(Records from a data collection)
################

lemma IILU_empty_syms_fibres_equipotent:
  assumes "countable S" "IILU_theory S ar T1" "IILU_theory S ar T2"
    and \<sigma>0: "bij_betw \<sigma>0 (nonempty_syms S ar T2) (nonempty_syms S ar T1)"
      "\<And>p. p \<in> nonempty_syms S ar T2 \<Longrightarrow> ar (\<sigma>0 p) = ar p"
  shows "\<exists>g. bij_betw g {p \<in> S - nonempty_syms S ar T2. ar p = n}
                        {p \<in> S - nonempty_syms S ar T1. ar p = n}"
proof -
  define N1 where "N1 = nonempty_syms S ar T1"
  define N2 where "N2 = nonempty_syms S ar T2"
  have arity_occurs_iff: "(\<exists>p \<in> N1. ar p = n) \<longleftrightarrow> (\<exists>p \<in> N2. ar p = n)"
    using \<sigma>0 unfolding N1_def N2_def bij_betw_def by (metis imageE image_eqI)
  show ?thesis
  proof (cases "\<exists>p \<in> N2. ar p = n")
    case True
    then have "infinite {p \<in> S - N2. ar p = n}" "infinite {p \<in> S - N1. ar p = n}"
      using assms(2,3) arity_occurs_iff unfolding IILU_theory_def N1_def N2_def by blast+
    moreover have "countable {p \<in> S - N2. ar p = n}" "countable {p \<in> S - N1. ar p = n}"
      using assms(1) by (auto intro: countable_subset)
    ultimately show ?thesis
      unfolding N1_def N2_def by (blast intro: bij_betw_countable_infinite)
  next
    case False
    then have "{p \<in> S - N2. ar p = n} = {p \<in> S - N1. ar p = n}"
      using arity_occurs_iff by blast
    then show ?thesis
      unfolding N1_def N2_def by (metis bij_betw_id)
  qed
qed

theorem corollary4p3:
  fixes S :: "'p set" and ar :: "'p \<Rightarrow> nat" and T1 T2 :: "'p fm set"
  assumes "countable S"
    and "complete_theory TYPE('d1) S ar T1"
    and "complete_theory TYPE('d2) S ar T2"
    and "IILU_theory S ar T1"
    and "IILU_theory S ar T2"
    and "language_similar ar
           (restrict_th (nonempty_syms S ar T1) T1) (nonempty_syms S ar T1)
           (restrict_th (nonempty_syms S ar T2) T2) (nonempty_syms S ar T2)"
  shows "language_similar ar T1 S T2 S"
proof -
  obtain \<sigma>0 where \<sigma>0: "bij_betw \<sigma>0 (nonempty_syms S ar T2) (nonempty_syms S ar T1)"
      "\<And>p. p \<in> nonempty_syms S ar T2 \<Longrightarrow> ar (\<sigma>0 p) = ar p"
      "map_fm \<sigma>0 ` restrict_th (nonempty_syms S ar T2) T2 = restrict_th (nonempty_syms S ar T1) T1"
    using assms(6) unfolding language_similar_def by blast
  obtain \<sigma> where \<sigma>: "bij_betw \<sigma> S S" "\<And>p. p \<in> S \<Longrightarrow> ar (\<sigma> p) = ar p"
      "\<And>p. p \<in> nonempty_syms S ar T2 \<Longrightarrow> \<sigma> p = \<sigma>0 p"
      "\<And>p. p \<in> S \<Longrightarrow> \<sigma> p \<in> nonempty_syms S ar T1 \<longleftrightarrow> p \<in> nonempty_syms S ar T2"
    using arity_preserving_extension[OF nonempty_syms_subset nonempty_syms_subset \<sigma>0(1,2)
        IILU_empty_syms_fibres_equipotent[OF assms(1,4,5) \<sigma>0(1,2)]]
    by blast
  have "map_fm \<sigma> f = map_fm \<sigma>0 f" if "f \<in> restrict_th (nonempty_syms S ar T2) T2" for f
    using that \<sigma>(3) by (auto simp: restrict_th_def intro!: map_fm_cong_syms)
  then have "map_fm \<sigma> ` restrict_th (nonempty_syms S ar T2) T2 = restrict_th (nonempty_syms S ar T1) T1"
    using \<sigma>0(3) by (simp cong: image_cong)
  then have "map_fm \<sigma> ` T2 = T1"
    using map_fm_image_eq_if_similar_on_nonempty_syms[OF assms(2,3) \<sigma>(1,2)] \<sigma>(4) by blast
  then show ?thesis
    unfolding language_similar_def using \<sigma>(1,2) by blast
qed

end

################

PROBLEM STATEMENT> State only the count of lines above that hold the string "auto".

SOLUTION FOR THIS TASK> 2